I am designing an application that requires of a distributed set of processing workers that need to asynchronously consume and produce data in a specific flow. For example:
- Component A fetches pages.
- Component B analyzes pages from A.
- Component C stores analyzed bits and pieces from B.
There are obviously more than just three components involved.
Further requirements:
- Each component needs to be a separate process (or set of processes).
- Producers don't know anything about their consumers. In other words, component A just produces data, not knowing which components consume that data.
This is a kind of data flow solved by topology-oriented systems like Storm.

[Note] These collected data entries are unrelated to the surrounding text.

definition bip_modularity ::
  "'v set \<Rightarrow> 'v set \<Rightarrow> ('v \<times> 'v) set \<Rightarrow> 'v set set \<Rightarrow> real" where
  "bip_modularity Rd Bl E P =
     (let m = real (card E) in
      \<Sum>C\<in>P. real (card {e \<in> E. fst e \<in> C \<and> snd e \<in> C}) / m
            - (\<Sum>v\<in>C \<inter> Rd. real (degree E v)) * (\<Sum>v\<in>C \<inter> Bl. real (degree E v)) / m^2)"

definition max_modularity_division ::
  "'v set \<Rightarrow> 'v set \<Rightarrow> ('v \<times> 'v) set \<Rightarrow> 'v set set \<Rightarrow> bool" where
  "max_modularity_division Rd Bl E P \<longleftrightarrow>
     is_division (Rd \<union> Bl) P \<and>
     (\<forall>P'. is_division (Rd \<union> Bl) P' \<longrightarrow> bip_modularity Rd Bl E P' \<le> bip_modularity Rd Bl E P)"

text \<open>The 3k integers are indexed as a 0, ..., a (3k-1).\<close>

definition three_partition_instance :: "nat \<Rightarrow> (nat \<Rightarrow> nat) \<Rightarrow> nat \<Rightarrow> bool" where
  "three_partition_instance k a b \<longleftrightarrow>
     (\<forall>i<3*k. 0 < a i) \<and> (\<Sum>i<3*k. a i) = k * b \<and>
     (\<forall>i<3*k. real b / 4 < real (a i) \<and> real (a i) < real b / 2)"

text \<open>Vertices: KR t j / KB t j are the red / blue vertices j of biclique K_t;
XV i, YV i are the element vertices x_i, y_i; XC i is the (blue) centre of star X_i,
XL i l its red leaves; YC i is the (red) centre of star Y_i, YL i l its blue leaves.\<close>

datatype vtx = KR nat nat | KB nat nat | XV nat | YV nat
  | XC nat | XL nat nat | YC nat | YL nat nat

definition GA_red :: "nat \<Rightarrow> nat \<Rightarrow> nat \<Rightarrow> vtx set" where
  "GA_red k S L =
     {KR t j |t j. t < k \<and> j < S} \<union> {XV i |i. i < 3*k} \<union>
     {XL i l |i l. i < 3*k \<and> l < L} \<union> {YC i |i. i < 3*k}"

definition GA_blue :: "nat \<Rightarrow> nat \<Rightarrow> nat \<Rightarrow> vtx set" where
  "GA_blue k S L =
     {KB t j |t j. t < k \<and> j < S} \<union> {YV i |i. i < 3*k} \<union>
     {YL i l |i l. i < 3*k \<and> l < L} \<union> {XC i |i. i < 3*k}"

text \<open>f t j is the index i of the red element vertex x_i adjacent to blue vertex KB t j;
g t j is the index i of the blue element vertex y_i adjacent to red vertex KR t j.\<close>

definition GA_edges ::
  "nat \<Rightarrow> nat \<Rightarrow> nat \<Rightarrow> (nat \<Rightarrow> nat \<Rightarrow> nat) \<Rightarrow> (nat \<Rightarrow> nat \<Rightarrow> nat) \<Rightarrow> (vtx \<times> vtx) set" where
  "GA_edges k S L f g =
     {(KR t j, KB t j') |t j j'. t < k \<and> j < S \<and> j' < S} \<union>
     {(XV (f t j), KB t j) |t j. t < k \<and> j < S} \<union>
     {(KR t j, YV (g t j)) |t j. t < k \<and> j < S} \<union>
     {(XV i, YV i) |i. i < 3*k} \<union>
     {(XV i, XC i) |i. i < 3*k} \<union>
     {(XL i l, XC i) |i l. i < 3*k \<and> l < L} \<union>
     {(YC i, YV i) |i. i < 3*k} \<union>
     {(YC i, YL i l) |i l. i < 3*k \<and> l < L}"

definition valid_attachment :: "nat \<Rightarrow> (nat \<Rightarrow> nat) \<Rightarrow> nat \<Rightarrow> (nat \<Rightarrow> nat \<Rightarrow> nat) \<Rightarrow> bool" where
  "valid_attachment k a S f \<longleftrightarrow>
     (\<forall>t<k. \<forall>j<S. f t j < 3*k) \<and>
     (\<forall>t<k. \<forall>i<3*k. card {j. j < S \<and> f t j = i} = a i)"

definition biclique_vertices :: "nat \<Rightarrow> nat \<Rightarrow> vtx set" where
  "biclique_vertices S t = {KR t j |j. j < S} \<union> {KB t j |j. j < S}"

end

theory Submission
  imports Defs
begin

(* Write S = a_1 + ... + a_3k, so each biclique has S red and S blue vertices. Suppose a
   community C of an optimal division contains two bicliques, and split D = K_t off C.
   By community_score_split this changes Q_b by
     (R_{C-D} B_D + R_D B_{C-D}) / m^2 - c / m,
   where c counts the edges between D and C - D. Every biclique vertex has degree at least
   S, so each of the four degree sums is at least S^2 and the first term is at least
   2 S^4 / m^2. Only the 2S edges to element vertices leave K_t, so c <= 2S, while the
   stars have only S^2/7 leaves, which keeps m < S^3. Hence the split strictly increases
   Q_b, contradicting optimality. *)

definition internal_edges :: "('v \<times> 'v) set \<Rightarrow> 'v set \<Rightarrow> ('v \<times> 'v) set" where
  "internal_edges E C = {e \<in> E. fst e \<in> C \<and> snd e \<in> C}"

definition crossing_edges :: "('v \<times> 'v) set \<Rightarrow> 'v set \<Rightarrow> 'v set \<Rightarrow> ('v \<times> 'v) set" where
  "crossing_edges E A B = {e \<in> E. fst e \<in> A \<and> snd e \<in> B \<or> fst e \<in> B \<and> snd e \<in> A}"

definition degree_sum :: "('v \<times> 'v) set \<Rightarrow> 'v set \<Rightarrow> real" where
  "degree_sum E X = (\<Sum>v\<in>X. real (degree E v))"

definition community_score :: "'v set \<Rightarrow> 'v set \<Rightarrow> ('v \<times> 'v) set \<Rightarrow> 'v set \<Rightarrow> real" where
  "community_score Rd Bl E C =
     real (card (internal_edges E C)) / real (card E)
     - degree_sum E (C \<inter> Rd) * degree_sum E (C \<inter> Bl) / real (card E)^2"

lemma bip_modularity_eq_sum_community_score:
  "bip_modularity Rd Bl E P = (\<Sum>C\<in>P. community_score Rd Bl E C)"
  unfolding bip_modularity_def community_score_def internal_edges_def degree_sum_def Let_def
  by simp

lemma card_internal_edges_split:
  assumes "finite E" "D \<subseteq> C"
  shows "card (internal_edges E C) =
           card (internal_edges E (C - D)) + card (internal_edges E D) + card (crossing_edges E (C - D) D)"
proof -
  have "internal_edges E C = (internal_edges E (C - D) \<union> internal_edges E D) \<union> crossing_edges E (C - D) D"
    using assms(2) unfolding internal_edges_def crossing_edges_def by auto
  moreover have "internal_edges E (C - D) \<inter> internal_edges E D = {}"
    and "(internal_edges E (C - D) \<union> internal_edges E D) \<inter> crossing_edges E (C - D) D = {}"
    unfolding internal_edges_def crossing_edges_def by auto
  moreover have "finite (internal_edges E X)" "finite (crossing_edges E X Y)" for X Y
    unfolding internal_edges_def crossing_edges_def using assms(1) by simp_all
  ultimately show ?thesis
    by (simp add: card_Un_disjoint)
qed

lemma degree_sum_split:
  assumes "finite C" "D \<subseteq> C"
  shows "degree_sum E (C \<inter> X) = degree_sum E ((C - D) \<inter> X) + degree_sum E (D \<inter> X)"
proof -
  have "C \<inter> X = (C - D) \<inter> X \<union> D \<inter> X" using assms(2) by auto
  moreover have "finite ((C - D) \<inter> X)" "finite (D \<inter> X)"
    using assms finite_subset by auto
  moreover have "(C - D) \<inter> X \<inter> (D \<inter> X) = {}"
    by blast
  ultimately show ?thesis
    unfolding degree_sum_def by (metis sum.union_disjoint)
qed

lemma community_score_split:
  assumes "finite E" "finite C" "D \<subseteq> C"
  shows "community_score Rd Bl E (C - D) + community_score Rd Bl E D =
           community_score Rd Bl E C
           + (degree_sum E ((C - D) \<inter> Rd) * degree_sum E (D \<inter> Bl)
              + degree_sum E (D \<inter> Rd) * degree_sum E ((C - D) \<inter> Bl)) / real (card E)^2
           - real (card (crossing_edges E (C - D) D)) / real (card E)"
  unfolding community_score_def card_internal_edges_split[OF assms(1,3)]
    degree_sum_split[OF assms(2,3), of _ Rd] degree_sum_split[OF assms(2,3), of _ Bl]
  by (simp only: of_nat_add add_divide_distrib diff_divide_distrib ring_distribs)

lemma is_division_split:
  assumes div: "is_division V P" and C: "C \<in> P" and D: "D \<subseteq> C" "D \<noteq> {}" "C - D \<noteq> {}"
  shows "is_division V (insert (C - D) (insert D (P - {C})))"
proof -
  let ?P' = "insert (C - D) (insert D (P - {C}))"
  have apart_from_C: "X \<inter> C = {}" if "X \<in> P - {C}" for X
    using div C that unfolding is_division_def by blast
  have "X \<inter> Y = {}" if XY: "X \<in> ?P'" "Y \<in> ?P'" "X \<noteq> Y" for X Y
  proof -
    consider "X \<in> P - {C}" "Y \<in> P - {C}" | "X \<subseteq> C" "Y \<in> P - {C}" | "X \<in> P - {C}" "Y \<subseteq> C"
      | "X \<in> {C - D, D}" "Y \<in> {C - D, D}"
      using XY D by blast
    then show ?thesis
    proof cases
      case 1
      then show ?thesis using div XY(3) unfolding is_division_def by blast
    qed (use XY(3) apart_from_C in blast)+
  qed
  moreover have "\<Union>?P' = \<Union>P" using C D(1) by auto
  ultimately show ?thesis using div D(2,3) unfolding is_division_def by auto
qed

lemma max_modularity_division_split_bound:
  assumes max: "max_modularity_division Rd Bl E P"
    and fin: "finite Rd" "finite Bl" "finite E" "E \<noteq> {}"
    and C: "C \<in> P" and D: "D \<subseteq> C" "D \<noteq> {}" "C - D \<noteq> {}"
  shows "degree_sum E ((C - D) \<inter> Rd) * degree_sum E (D \<inter> Bl)
           + degree_sum E (D \<inter> Rd) * degree_sum E ((C - D) \<inter> Bl)
         \<le> real (card (crossing_edges E (C - D) D)) * real (card E)"
proof -
  let ?m = "real (card E)"
  let ?w = "degree_sum E ((C - D) \<inter> Rd) * degree_sum E (D \<inter> Bl)
              + degree_sum E (D \<inter> Rd) * degree_sum E ((C - D) \<inter> Bl)"
  let ?c = "real (card (crossing_edges E (C - D) D))"
  let ?q = "community_score Rd Bl E"
  let ?P' = "insert (C - D) (insert D (P - {C}))"
  have div: "is_division (Rd \<union> Bl) P"
    using max unfolding max_modularity_division_def by blast
  then have "P \<subseteq> Pow (Rd \<union> Bl)"
    and apart_from_C: "\<And>X. X \<in> P \<Longrightarrow> X \<noteq> C \<Longrightarrow> X \<inter> C = {}"
    using C unfolding is_division_def by blast+
  moreover have "finite (Rd \<union> Bl)"
    using fin(1,2) by simp
  ultimately have "finite P"
    by (simp add: finite_subset)
  have "finite C"
    using C \<open>P \<subseteq> Pow (Rd \<union> Bl)\<close> \<open>finite (Rd \<union> Bl)\<close> by (meson PowD finite_subset subsetD)
  have "C - D \<notin> P" and "D \<notin> P" and "C - D \<noteq> D"
    using apart_from_C D by blast+
  then have "(\<Sum>X\<in>?P'. ?q X) = ?q (C - D) + ?q D + (\<Sum>X\<in>P - {C}. ?q X)"
    using \<open>finite P\<close> by simp
  moreover have "(\<Sum>X\<in>P. ?q X) = ?q C + (\<Sum>X\<in>P - {C}. ?q X)"
    using \<open>finite P\<close> C by (rule sum.remove)
  moreover have "(\<Sum>X\<in>?P'. ?q X) \<le> (\<Sum>X\<in>P. ?q X)"
    using max is_division_split[OF div C D]
    unfolding max_modularity_division_def bip_modularity_eq_sum_community_score by blast
  ultimately have "?w / ?m^2 \<le> ?c / ?m"
    using community_score_split[OF fin(3) \<open>finite C\<close> D(1), of Rd Bl] by linarith
  moreover have "?m > 0"
    using fin(3,4) by (simp add: card_gt_0_iff)
  ultimately have "?w \<le> ?c / ?m * ?m^2"
    by (simp add: pos_divide_le_eq)
  also have "\<dots> = ?c * ?m"
    using \<open>?m > 0\<close> by (simp add: power2_eq_square)
  finally show ?thesis .
qed

lemma card_le_degree:
  assumes "finite E" "F \<subseteq> E" "\<forall>e\<in>F. fst e = v \<or> snd e = v"
  shows "card F \<le> degree E v"
  unfolding degree_def using assms by (intro card_mono) auto

lemma degree_sum_ge:
  assumes "finite X" "A \<subseteq> X" "\<forall>v\<in>A. d \<le> degree E v"
  shows "real (card A) * real d \<le> degree_sum E X"
proof -
  have "real (card A) * real d = (\<Sum>v\<in>A. real d)"
    by simp
  also have "\<dots> \<le> (\<Sum>v\<in>A. real (degree E v))"
    using assms(3) by (intro sum_mono) simp
  also have "\<dots> \<le> degree_sum E X"
    unfolding degree_sum_def using assms(1,2) by (intro sum_mono2) auto
  finally show ?thesis .
qed
(* Let $(F,H)$ be the unique local solution, on its maximal interval of existence $[0,T_{\max})$, of the matrix Riccati system $$F'=\Gamma\otimes\big(\alpha+(c\otimes I_K)^\top H\big)\big(\alpha+(c\otimes I_K)^\top H\big)^\top-F(I_{N-1}\otimes\Lambda^{-1})F,\quad F(0)=0,$$ $$H'=\big(\Gamma\otimes(\alpha+(c\otimes I_K)^\top H)\big)\xi-F(I_{N-1}\otimes\Lambda^{-1})H,\quad H(0)=0.$$ Then $F(\tau)$ is positive semidefinite for every $\tau\in[0,T_{\max})$.
   Context: $N\ge2$, $K\le D$; $\gamma^1,\dots,\gamma^N>0$ with $\gamma^N=\max_n\gamma^n$; $\bar\gamma=(\sum_n1/\gamma^n)^{-1}$; $c=(c_1,\dots,c_{N-1})^\top$ with $c_n=\bar\gamma(1/\gamma^n-1/\gamma^N)$; $\Gamma:=\mathrm{diag}\{\gamma^1,\dots,\gamma^{N-1}\}-\tfrac1N\mathbb 1_{N-1}\mathbb 1_{N-1}^\top\mathrm{diag}\{\gamma^1-\gamma^N,\dots,\gamma^{N-1}-\gamma^N\}$; $\Lambda\in\mathbb R^{K\times K}$ symmetric positive definite; $\alpha\in\mathbb R^{K\times D}$; $\xi\in\mathbb R^{(N-1)D\times D}$; $F$ is $K(N-1)\times K(N-1)$ and $H$ is $K(N-1)\times D$; $\otimes$ is the Kronecker product. A real square matrix $C$ is positive semidefinite if $b^\top Cb\ge0$ for all $b$ (symmetry not required). *)

theory Defs
  imports "HOL-Analysis.Analysis" "Jordan_Normal_Form.Matrix"
begin

definition kron :: "real mat \<Rightarrow> real mat \<Rightarrow> real mat" (infixl \<open>\<otimes>\<^sub>K\<close> 70) where
  "kron A B = mat (dim_row A * dim_row B) (dim_col A * dim_col B)
     (\<lambda>(i,j). A $$ (i div dim_row B, j div dim_col B) * B $$ (i mod dim_row B, j mod dim_col B))"

definition mat_inv :: "real mat \<Rightarrow> real mat" where
  "mat_inv A = (SOME B. inverts_mat A B \<and> inverts_mat B A)"

text \<open>Positive semidefinite in the non-symmetric sense of the paper.\<close>
definition psd :: "real mat \<Rightarrow> bool" where
  "psd C \<longleftrightarrow> (\<forall>b \<in> carrier_vec (dim_row C). b \<bullet> (C *\<^sub>v b) \<ge> 0)"

definition sym_pos_def :: "real mat \<Rightarrow> bool" where
  "sym_pos_def L \<longleftrightarrow> L \<in> carrier_mat (dim_row L) (dim_row L) \<and> transpose_mat L = L \<and>
     (\<forall>v \<in> carrier_vec (dim_row L). v \<noteq> 0\<^sub>v (dim_row L) \<longrightarrow> v \<bullet> (L *\<^sub>v v) > 0)"

definition mat_has_deriv :: "(real \<Rightarrow> real mat) \<Rightarrow> real mat \<Rightarrow> real filter \<Rightarrow> bool" where
  "mat_has_deriv F F' fl \<longleftrightarrow>
     (\<forall>i < dim_row F'. \<forall>j < dim_col F'. ((\<lambda>s. F s $$ (i,j)) has_real_derivative F' $$ (i,j)) fl)"

definition gbar :: "nat \<Rightarrow> (nat \<Rightarrow> real) \<Rightarrow> real" where
  "gbar N \<gamma> = 1 / (\<Sum>n=1..N. 1 / \<gamma> n)"

text \<open>c as an (N-1) x 1 column matrix; entry i corresponds to c_{i+1}.\<close>
definition cvec :: "nat \<Rightarrow> (nat \<Rightarrow> real) \<Rightarrow> real mat" where
  "cvec N \<gamma> = mat (N - 1) 1 (\<lambda>(i,j). gbar N \<gamma> * (1 / \<gamma> (i+1) - 1 / \<gamma> N))"

definition Gam :: "nat \<Rightarrow> (nat \<Rightarrow> real) \<Rightarrow> real mat" where
  "Gam N \<gamma> = mat (N - 1) (N - 1)
     (\<lambda>(i,j). (if i = j then \<gamma> (i+1) else 0) - (1 / real N) * (\<gamma> (j+1) - \<gamma> N))"

end

theory Submission
  imports Defs "Jordan_Normal_Form.Determinant"
begin

(* Write q_t(c) = c^T F(t) c and M = I kron Lambda^-1, a symmetric psd matrix.  The Riccati
   equation reads F' = Q - F M F with Q = Gamma kron A A^T psd (for Gamma by completing squares,
   using gamma^n <= gamma^N).  Suppose that q_t(c) + eps e^t, with c on the unit sphere, first
   vanishes at time t0 > 0 and point c0.  Then c0 minimises c |-> q_t0(c) + delta |c|^2, where
   delta = eps e^t0, so (F + F^T) c0 = -2 delta c0 and c0^T F M F c0 = (F^T c0)^T M (F c0) is at
   most delta^2 c0^T M c0.  For small eps this is below delta, so the perturbed form has positive
   derivative at t0 and was already negative shortly before, a contradiction.  Letting eps -> 0
   gives q_t >= 0. *)

section \<open>Quadratic forms\<close>

definition quad_form :: "nat \<Rightarrow> real mat \<Rightarrow> (nat \<Rightarrow> real) \<Rightarrow> real" where
  "quad_form n X c = (\<Sum>i<n. \<Sum>j<n. c i * X $$ (i,j) * c j)"

lemma scalar_prod_mult_mat_vec_eq_quad_form:
  assumes "X \<in> carrier_mat n n" and "b \<in> carrier_vec n"
  shows "b \<bullet> (X *\<^sub>v b) = quad_form n X (\<lambda>i. b $ i)"
  using assms unfolding quad_form_def
  by (simp add: scalar_prod_def lessThan_atLeast0 sum_distrib_left mult_ac)

lemma quad_form_cong: "(\<And>i. i < n \<Longrightarrow> c i = d i) \<Longrightarrow> quad_form n X c = quad_form n X d"
  unfolding quad_form_def by (intro sum.cong refl) auto

lemma psd_iff_quad_form_nonneg:
  assumes "X \<in> carrier_mat n n"
  shows "psd X \<longleftrightarrow> (\<forall>c. 0 \<le> quad_form n X c)"
proof
  assume X: "psd X"
  show "\<forall>c. 0 \<le> quad_form n X c"
  proof
    fix c
    have "quad_form n X c = quad_form n X (\<lambda>i. vec n c $ i)"
      by (rule quad_form_cong) simp
    also have "\<dots> = vec n c \<bullet> (X *\<^sub>v vec n c)"
      using assms by (simp add: scalar_prod_mult_mat_vec_eq_quad_form)
    finally have "quad_form n X c = vec n c \<bullet> (X *\<^sub>v vec n c)" .
    then show "0 \<le> quad_form n X c" using X assms unfolding psd_def by simp
  qed
next
  assume "\<forall>c. 0 \<le> quad_form n X c"
  then show "psd X"
    using assms unfolding psd_def by (simp add: scalar_prod_mult_mat_vec_eq_quad_form)
qed

lemma quad_form_scale: "quad_form n X (\<lambda>i. a * c i) = a\<^sup>2 * quad_form n X c"
  unfolding quad_form_def by (simp add: sum_distrib_left power2_eq_square mult_ac)

lemma quad_form_diff:
  assumes "Y \<in> carrier_mat n n"
  shows "quad_form n (X - Y) c = quad_form n X c - quad_form n Y c"
  unfolding quad_form_def sum_subtractf[symmetric] using assms
  by (intro sum.cong refl) (simp add: left_diff_distrib right_diff_distrib)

While Storm looks good, I'm skeptical; it's a Java system and it's based on Thrift, neither of which I am a fan of.
I am currently leaning towards a pub/sub-style approach which uses AMQP as the data transport, with HTTP as the protocol for data sharing/storage. This means the AMQP queue model becomes a public API — in other words, a consumer needs to know which AMQP host and queue that the producer uses — which I'm not particularly happy about, but it might be worth the compromise.
Another issue with the AMQP approach is that each component will have to have very similar logic for:
- Connecting to the queue
- Handling connection errors
- Serializing/deserializing data into a common format
- Running the actual workers (goroutines or forking subprocesses)
- Dynamic scaling of workers
- Fault tolerance
- Node registration
- Processing metrics
- Queue throttling
- Queue prioritization (some workers are less important than others)
…and many other little details that each component will need.
Even if a consumer is logically very simple (think MapReduce jobs, something like splitting text into tokens), there is a lot of boilerplate. Certainly I can do all this myself — I am very familiar with AMQP and queues and everything else — and wrap all this up in a common package shared by all the components, but then I am already on my way to inventing a framework.
Does a good framework exist for this kind of stuff?
Note that I am asking specifically about Go. I want to avoid Hadoop and the whole Java stack.
Edit: Added some points for clarity.